= John de Silva =

Sri Lankan playwright

John de Silva (13 January 1857 - 28 January 1922) was a Sri Lankan playwright.

== Life and career ==

=== Early life ===
De Silva was born on 13 January 1857 in Kotte. He worked as a teacher and a lawyer before entering theater. His first drama Parabhava Natakaya was a satire on the upper class.

===Playwright===
De Silva was influenced by the work of C. Don Bastian (1852-1921), the creator of the ‘Nurthi’, who was also the editor of the first daily Sinhala news paper. De Silva wrote and produced several historical and religious plays drawing from nurti and nadagam traditions. These include Siri Sangabo (1903), Sri Vickrama Rajasingha (1906), Devanampiya Tissa (1914), Vihara Maha Devi (1916) and Dutugemunu. He also scripted Ramayana, Sakuntala, Vessanatara, Uttara Ramacharitaya, Ratnavali and Nagananda.
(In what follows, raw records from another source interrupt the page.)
(* For each integer $n\ge 3$ and each $Q\in\{Q_n(\mathscr{M}^{KI}_n),Q_n(\mathscr{M}^{KK}_n),Q_n(\mathscr{A}^{KK}_n),Q_n(\mathscr{H}^{KK}_n)\}$ we have $\alpha\text{-}\mathsf{tw}(Q)\le 2$ and $\alpha^{\ast}(Q)\le 3$.
   Context: Let $X^1,\dots,X^k$ be pairwise disjoint ordered sets $X^j=\{x^j_1,\dots,x^j_n\}$, and let $y^1,\dots,y^k,z^1,\dots,z^{k-1}$ be further distinct vertices. For ordered sets $X,Y$ of size $n$: the matching $\mathcal{M}(X,Y)$ has edges $x_iy_i$, the anti-matching $\mathcal{A}(X,Y)$ has edges $x_iy_j$ ($i\ne j$), the half-graph $\mathcal{H}(X,Y)$ has edges $x_iy_j$ ($i\le j$); $K(S)$ is the clique on $S$ and $K(S,T)$ the complete bipartite graph between $S$ and $T$; unions of graphs take the union of vertex and edge sets. Define $Q_k(\mathscr{M}^{KK}_n)=\bigcup_{i\in[k-1]}\mathcal{M}(X^i,X^{i+1})\cup\bigcup_{i\in[k]}K(\{y^i\}\cup X^i)$; $Q_k(\mathscr{M}^{KI}_n)=\bigcup_{i\in[k-1]}\mathcal{M}(X^i,X^{i+1})\cup\bigcup_{i\in[\lceil k/2\rceil]}K(\{y^{2i-1}\}\cup X^{2i-1})$; $Q_k(\mathscr{H}^{KK}_n)=\bigcup_{i\in[k-1]}\mathcal{H}(X^i,X^{i+1})\cup\bigcup_{i\in[k]}K(\{y^i\}\cup X^i)$; $Q_k(\mathscr{A}^{KK}_n)=\bigcup_{i\in[k-1]}\mathcal{A}(X^i,X^{i+1})\cup\bigcup_{i\in[k]}K(\{y^i\}\cup X^i)\cup\bigcup_{i\in[k-1]}K(\{z^i\},X^i\cup X^{i+1})$. $\alpha\text{-}\mathsf{tw}$ is the minimum over tree-decompositions of the maximum independence number of a bag, and $\alpha^{\ast}(G)=\max_v\alpha(G[N[v]])$. *)

theory Defs
  imports Main
begin

text \<open>A (simple) graph is a pair (vertex set, edge set), each edge a 2-element set.\<close>
type_synonym 'a graph = "'a set \<times> 'a set set"

definition gverts :: "'a graph \<Rightarrow> 'a set" where "gverts G = fst G"
definition gedges :: "'a graph \<Rightarrow> 'a set set" where "gedges G = snd G"

definition gunion :: "'a graph \<Rightarrow> 'a graph \<Rightarrow> 'a graph" where
  "gunion G H = (gverts G \<union> gverts H, gedges G \<union> gedges H)"

definition gUnion :: "'i set \<Rightarrow> ('i \<Rightarrow> 'a graph) \<Rightarrow> 'a graph" where
  "gUnion I F = ((\<Union>i\<in>I. gverts (F i)), (\<Union>i\<in>I. gedges (F i)))"

text \<open>Ordered sets X = {x 1, ..., x n}, Y = {y 1, ..., y n} given by indexing functions.\<close>
definition matching_g :: "nat \<Rightarrow> (nat \<Rightarrow> 'a) \<Rightarrow> (nat \<Rightarrow> 'a) \<Rightarrow> 'a graph" where
  "matching_g n x y = (x ` {1..n} \<union> y ` {1..n},
     {{x i, y i} | i. i \<in> {1..n}})"

definition antimatching_g :: "nat \<Rightarrow> (nat \<Rightarrow> 'a) \<Rightarrow> (nat \<Rightarrow> 'a) \<Rightarrow> 'a graph" where
  "antimatching_g n x y = (x ` {1..n} \<union> y ` {1..n},
     {{x i, y j} | i j. i \<in> {1..n} \<and> j \<in> {1..n} \<and> i \<noteq> j})"

definition halfgraph_g :: "nat \<Rightarrow> (nat \<Rightarrow> 'a) \<Rightarrow> (nat \<Rightarrow> 'a) \<Rightarrow> 'a graph" where
  "halfgraph_g n x y = (x ` {1..n} \<union> y ` {1..n},
     {{x i, y j} | i j. i \<in> {1..n} \<and> j \<in> {1..n} \<and> i \<le> j})"

definition clique_g :: "'a set \<Rightarrow> 'a graph" where
  "clique_g S = (S, {{u, v} | u v. u \<in> S \<and> v \<in> S \<and> u \<noteq> v})"

definition cbip_g :: "'a set \<Rightarrow> 'a set \<Rightarrow> 'a graph" where
  "cbip_g S T = (S \<union> T, {{s, t} | s t. s \<in> S \<and> t \<in> T \<and> s \<noteq> t})"

text \<open>Vertices: XV j i = x^j_i, YV j = y^j, ZV j = z^j.\<close>
datatype qv = XV nat nat | YV nat | ZV nat

definition Xset :: "nat \<Rightarrow> nat \<Rightarrow> qv set" where
  "Xset n j = XV j ` {1..n}"

definition Q_MKK :: "nat \<Rightarrow> nat \<Rightarrow> qv graph" where
  "Q_MKK k n = gunion
     (gUnion {1..k-1} (\<lambda>i. matching_g n (XV i) (XV (i+1))))
     (gUnion {1..k} (\<lambda>i. clique_g (insert (YV i) (Xset n i))))"

definition Q_MKI :: "nat \<Rightarrow> nat \<Rightarrow> qv graph" where
  "Q_MKI k n = gunion
     (gUnion {1..k-1} (\<lambda>i. matching_g n (XV i) (XV (i+1))))
     (gUnion {1..(k+1) div 2} (\<lambda>i. clique_g (insert (YV (2*i-1)) (Xset n (2*i-1)))))"

definition Q_HKK :: "nat \<Rightarrow> nat \<Rightarrow> qv graph" where
  "Q_HKK k n = gunion
     (gUnion {1..k-1} (\<lambda>i. halfgraph_g n (XV i) (XV (i+1))))
     (gUnion {1..k} (\<lambda>i. clique_g (insert (YV i) (Xset n i))))"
De Silva staged his early plays at the Public Hall (later the site of Empire Cinema) with the Sinhala Arya Subodha Natya society. He later formed the Vijaya Ranga society and staged his plays at the Gintupitiya Theatre. de Silva died on 28 January 1922.

===Legacy===
In an acknowledgment of de Silva's contributions, the Sri Lankan government constructed the John de Silva Memorial Theatre at Ananda Cumaraswamy Mawatha in Colombo. A commemorative stamp was also issued on January 31, 1987.